First emerging overseas in the mid-1990’s in pigs, initial studies showed the genetic make-up of Salmonella enterica subsp. enterica serovar Typhimurium (or S. enterica serovar 4,[5],12:i:-) to be very similar to S. enterica serovar Typhimurium, the strain commonly found in chickens. It is a known cause of gastroenteritis and has become increasingly associated with worldwide outbreaks over the last few years.
“Interestingly, the number of S. enterica serovar 4, [5],12:i:- strains isolated from humans and sent on voluntary basis to the National Reference Centre for Salmonella and other Enterics increased from 0.1% in 1999 to 14.0% in 2008,” say the researchers.

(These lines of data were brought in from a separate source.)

lemma ring_modulus_small:
  fixes \<mu> :: "'a::metric_space measure" and \<mu>' :: "'b::metric_space measure"
    and \<psi> :: "real \<Rightarrow> ennreal"
  assumes ring: "ring_Q_mapping \<mu> \<alpha> \<mu>' \<alpha>' D x0 Q f" and \<alpha>: "0 < \<alpha>" and \<epsilon>0: "0 < \<epsilon>0"
    and \<psi>: "\<psi> \<in> borel_measurable (restrict_space lebesgue {0<..<\<epsilon>0})"
    and I_pos: "\<forall>\<epsilon>2\<in>{0<..\<epsilon>0}. \<exists>\<epsilon>1\<in>{0<..\<epsilon>2}. \<forall>\<epsilon>\<in>{0<..<\<epsilon>1}.
                  0 < (\<integral>\<^sup>+ t \<in> {\<epsilon><..<\<epsilon>2}. \<psi> t \<partial>lebesgue) \<and>
                  (\<integral>\<^sup>+ t \<in> {\<epsilon><..<\<epsilon>2}. \<psi> t \<partial>lebesgue) < \<infinity>"
    and little_o: "\<forall>c>0. eventually (\<lambda>\<epsilon>.
                  (\<integral>\<^sup>+ x \<in> annulus x0 \<epsilon> \<epsilon>0 \<inter> D. Q x * epowr (\<psi> (dist x x0)) \<alpha> \<partial>\<mu>)
                  \<le> ennreal c * epowr (\<integral>\<^sup>+ t \<in> {\<epsilon><..<\<epsilon>0}. \<psi> t \<partial>lebesgue) \<alpha>) (at_right 0)"
    and r2: "0 < r2" "r2 \<le> \<epsilon>0" and e: "0 < e"
  shows "\<exists>r1. 0 < r1 \<and> r1 < r2 \<and>
           modulus \<mu>' \<alpha>' {0..1} ((\<lambda>\<gamma>. f \<circ> \<gamma>) ` annulus_curves D x0 r1 r2) \<le> ennreal e"
proof -
  obtain C \<delta> where C: "0 < C" and \<delta>: "0 < \<delta>" "\<delta> \<le> r2" and ratio: "\<forall>r1\<in>{0<..<\<delta>}. \<exists>i>0.
      (\<integral>\<^sup>+ t \<in> {r1<..<r2}. \<psi> t \<partial>lebesgue) = ennreal i \<and>
      (\<integral>\<^sup>+ t \<in> {r1<..<\<epsilon>0}. \<psi> t \<partial>lebesgue) \<le> ennreal (C * i)"
    using psi_integral_ratio_bounded[OF \<psi> \<epsilon>0 I_pos r2] by blast
  define K where "K = C powr \<alpha>"
  have K: "0 < K" using C by (simp add: K_def)
  obtain b where b: "0 < b" "\<forall>\<epsilon>>0. \<epsilon> < b \<longrightarrow>
      (\<integral>\<^sup>+ x \<in> annulus x0 \<epsilon> \<epsilon>0 \<inter> D. Q x * epowr (\<psi> (dist x x0)) \<alpha> \<partial>\<mu>)
        \<le> ennreal (e / K) * epowr (\<integral>\<^sup>+ t \<in> {\<epsilon><..<\<epsilon>0}. \<psi> t \<partial>lebesgue) \<alpha>"
    using little_o[rule_format, of "e / K"] e K unfolding eventually_at_right_field by auto
  define r1 where "r1 = min b \<delta> / 2"
  have r1: "0 < r1" "r1 < b" "r1 < \<delta>" using b \<delta> by (auto simp: r1_def)
  then obtain i where i: "0 < i" "(\<integral>\<^sup>+ t \<in> {r1<..<r2}. \<psi> t \<partial>lebesgue) = ennreal i"
    and i_ratio: "(\<integral>\<^sup>+ t \<in> {r1<..<\<epsilon>0}. \<psi> t \<partial>lebesgue) \<le> ennreal (C * i)"
    using ratio[rule_format, of r1] by auto
  have "modulus \<mu>' \<alpha>' {0..1} ((\<lambda>\<gamma>. f \<circ> \<gamma>) ` annulus_curves D x0 r1 r2)
        \<le> (\<integral>\<^sup>+ x \<in> annulus x0 r1 \<epsilon>0 \<inter> D. Q x * epowr (\<psi> (dist x x0)) \<alpha> \<partial>\<mu>) * ennreal ((1 / i) powr \<alpha>)"
    using i r1 \<delta> r2 by (intro ring_modulus_le_psi_integral[OF ring \<alpha> \<psi>]) auto
  also have "\<dots> \<le> ennreal (e / K) * epowr (ennreal (C * i)) \<alpha> * ennreal ((1 / i) powr \<alpha>)"
  proof (rule mult_right_mono)
    have "(\<integral>\<^sup>+ x \<in> annulus x0 r1 \<epsilon>0 \<inter> D. Q x * epowr (\<psi> (dist x x0)) \<alpha> \<partial>\<mu>)
          \<le> ennreal (e / K) * epowr (\<integral>\<^sup>+ t \<in> {r1<..<\<epsilon>0}. \<psi> t \<partial>lebesgue) \<alpha>"
      using b r1 by auto
    also have "\<dots> \<le> ennreal (e / K) * epowr (ennreal (C * i)) \<alpha>"
      by (intro mult_left_mono epowr_mono[OF \<alpha> i_ratio]) simp
    finally show "(\<integral>\<^sup>+ x \<in> annulus x0 r1 \<epsilon>0 \<inter> D. Q x * epowr (\<psi> (dist x x0)) \<alpha> \<partial>\<mu>)
          \<le> ennreal (e / K) * epowr (ennreal (C * i)) \<alpha>" .
  qed simp
  also have "\<dots> = ennreal (e / K * ((C * i) powr \<alpha> * (1 / i) powr \<alpha>))"
    using C i e K by (simp add: epowr_ennreal mult.assoc flip: ennreal_mult)
  also have "\<dots> = ennreal e"
  proof -
    have "(C * i) powr \<alpha> * (1 / i) powr \<alpha> = (C * i * (1 / i)) powr \<alpha>"
      using C i by (simp only: powr_mult[symmetric] mult_nonneg_nonneg less_imp_le divide_nonneg_nonneg zero_le_one)
    also have "\<dots> = K" using i by (simp add: K_def)
    finally show ?thesis using K by simp
  qed
  finally show ?thesis using r1 \<delta> by auto
qed

lemma curves_accumulating_at_subset_escaping:
  "curves_accumulating_at D x0 \<subseteq>
     (\<Union>m. {\<gamma> \<in> curves_accumulating_at D x0. \<exists>s\<in>{0<..<1}. r / real (Suc m) < dist (\<gamma> s) x0})"
proof
  fix \<gamma> assume \<gamma>: "\<gamma> \<in> curves_accumulating_at D x0"
  then have "\<gamma> ` {0<..<1} \<subseteq> D - {x0}" by (simp add: curves_accumulating_at_def)
  then have "\<gamma> (1/2) \<noteq> x0" by force
  then have d: "0 < dist (\<gamma> (1/2)) x0" by simp
  obtain m :: nat where "r / dist (\<gamma> (1/2)) x0 < real m"
    using reals_Archimedean2 by blast
  then have "r / dist (\<gamma> (1/2)) x0 < real (Suc m)" by simp
  then have "r / real (Suc m) < dist (\<gamma> (1/2)) x0"
    using d by (simp add: divide_less_eq mult.commute)
  with \<gamma> show "\<gamma> \<in> (\<Union>m. {\<gamma> \<in> curves_accumulating_at D x0. \<exists>s\<in>{0<..<1}. r / real (Suc m) < dist (\<gamma> s) x0})"
    by force
qed

theorem lemma5:
  fixes \<mu> :: "'a::metric_space measure" and \<mu>' :: "'b::metric_space measure"
    and D :: "'a set" and x0 :: 'a and \<alpha> \<alpha>' :: real
    and Q :: "'a \<Rightarrow> ennreal" and f :: "'a \<Rightarrow> 'b"
    and \<psi> :: "real \<Rightarrow> ennreal" and \<epsilon>0 :: real
  assumes mu: "loc_finite_borel \<mu>"
    and dimX: "hausdorff_dimension (UNIV :: 'a set) = ereal \<alpha>" and alpha: "\<alpha> \<ge> 2"
    and D: "open D" "connected D" "x0 \<in> D"
    and mu': "loc_finite_borel \<mu>'"
    and ahlfors: "ahlfors_regular \<mu>' \<alpha>'" and alpha': "\<alpha>' \<ge> 2"
    and poincare: "poincare_1p \<mu>' \<alpha>'"
    and Q: "Q \<in> borel_measurable (restrict_space \<mu> D)"
    and ring: "ring_Q_mapping \<mu> \<alpha> \<mu>' \<alpha>' D x0 Q f"
    and eps0: "\<epsilon>0 > 0"
    and psi: "\<psi> \<in> borel_measurable (restrict_space lebesgue {0<..<\<epsilon>0})"
    and I_pos: "\<forall>\<epsilon>2\<in>{0<..\<epsilon>0}. \<exists>\<epsilon>1\<in>{0<..\<epsilon>2}. \<forall>\<epsilon>\<in>{0<..<\<epsilon>1}.
                  0 < (\<integral>\<^sup>+ t \<in> {\<epsilon><..<\<epsilon>2}. \<psi> t \<partial>lebesgue) \<and>
                  (\<integral>\<^sup>+ t \<in> {\<epsilon><..<\<epsilon>2}. \<psi> t \<partial>lebesgue) < \<infinity>"
    and little_o: "\<forall>c>0. eventually (\<lambda>\<epsilon>.
                  (\<integral>\<^sup>+ x \<in> annulus x0 \<epsilon> \<epsilon>0 \<inter> D. Q x * epowr (\<psi> (dist x x0)) \<alpha> \<partial>\<mu>)
                  \<le> ennreal c * epowr (\<integral>\<^sup>+ t \<in> {\<epsilon><..<\<epsilon>0}. \<psi> t \<partial>lebesgue) \<alpha>) (at_right 0)"
  shows "modulus \<mu>' \<alpha>' {0<..<1}
           ((\<lambda>\<gamma>. f \<circ> \<gamma>) ` {\<gamma> :: real \<Rightarrow> 'a. continuous_on {0<..<1} \<gamma> \<and>
               \<gamma> ` {0<..<1} \<subseteq> D - {x0} \<and>
               (\<exists>t :: nat \<Rightarrow> real. (\<forall>k. t k \<in> {0<..<1}) \<and> t \<longlonglongrightarrow> 0 \<and>
                   (\<lambda>k. \<gamma> (t k)) \<longlonglongrightarrow> x0)}) = 0"
proof -
  have \<alpha>_pos: "0 < \<alpha>" using alpha by simp
  define G where "G m = (\<lambda>\<gamma>. f \<circ> \<gamma>) `
    {\<gamma> \<in> curves_accumulating_at D x0. \<exists>s\<in>{0<..<1}. \<epsilon>0 / real (Suc m) < dist (\<gamma> s) x0}" for m
  have G_null: "modulus \<mu>' \<alpha>' {0<..<1} (G m) = 0" for m
  proof -
    have r2: "0 < \<epsilon>0 / real (Suc m)" "\<epsilon>0 / real (Suc m) \<le> \<epsilon>0"
      using eps0 by (auto simp: divide_le_eq)
    have "modulus \<mu>' \<alpha>' {0<..<1} (G m) \<le> 0 + ennreal e" if e: "0 < e" for e
    proof -
      obtain r1 where r1: "0 < r1" "r1 < \<epsilon>0 / real (Suc m)" and small:
        "modulus \<mu>' \<alpha>' {0..1} ((\<lambda>\<gamma>. f \<circ> \<gamma>) ` annulus_curves D x0 r1 (\<epsilon>0 / real (Suc m))) \<le> ennreal e"
        using ring_modulus_small[OF ring \<alpha>_pos eps0 psi I_pos little_o r2 e] by auto
      have "modulus \<mu>' \<alpha>' {0<..<1} (G m)
            \<le> modulus \<mu>' \<alpha>' {0..1} ((\<lambda>\<gamma>. f \<circ> \<gamma>) ` annulus_curves D x0 r1 (\<epsilon>0 / real (Suc m)))"
        unfolding G_def using r1 by (rule modulus_escaping_curves_le)
      then show ?thesis using small by (simp add: order_trans)
    qed
    then have "modulus \<mu>' \<alpha>' {0<..<1} (G m) \<le> 0" by (rule ennreal_le_epsilon)
    then show ?thesis by simp
  qed
  have "modulus \<mu>' \<alpha>' {0<..<1} ((\<lambda>\<gamma>. f \<circ> \<gamma>) ` curves_accumulating_at D x0)
        \<le> modulus \<mu>' \<alpha>' {0<..<1} (\<Union>m. G m)"
    unfolding G_def image_UN[symmetric]
    by (intro modulus_mono image_mono curves_accumulating_at_subset_escaping)
  also have "\<dots> \<le> (\<Sum>m. modulus \<mu>' \<alpha>' {0<..<1} (G m))"
    using alpha' mu' by (intro modulus_Union_le) (simp_all add: loc_finite_borel_def)
  also have "\<dots> = 0" by (simp add: G_null)
  finally show ?thesis unfolding curves_accumulating_at_def by simp
qed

In the study researchers collected and analyzed strains of S. enterica serovar 4,[5],12:i:-from pigs, pork, and humans over a two-year period in an attempt to better understand its transmission capabilities. Additionally, the strains’ genetic relatedness, pathogenicity and antimicrobial resistance were compared to that of S. enterica serovar Typhimurium. Two major clonal lineages were observed among the two strains and 65% of isolates from both lineages were resistant to ampicillin, streptomycin, tetracycline and sulfamethoxazole.
“Overall the study indicates that in Germany S. enterica serovar 4, [5],12:i:- strains isolated from pig, pork, and human are highly related, showing their transmission along the food chain,” say the researchers. “Since the pathogenicity gene repertoire is highly similar to that of S. enterica serovar Typhimurium, it is essential that interventions are introduced at the farm level in order to limit human infection.”
(E. Hauser, E. Tietze, R. Helmuth, E. Junker, K. Blank, R. Prager, W. Rabsch, B. Appel, A. Fruth, B. Malorny. 2010. Pork contaminated with Salmonella enterica serovar 4, [5], 12:i:-, an emerging health risk for humans. Applied and Environmental Microbiology, 76. 14: 4601-4610.)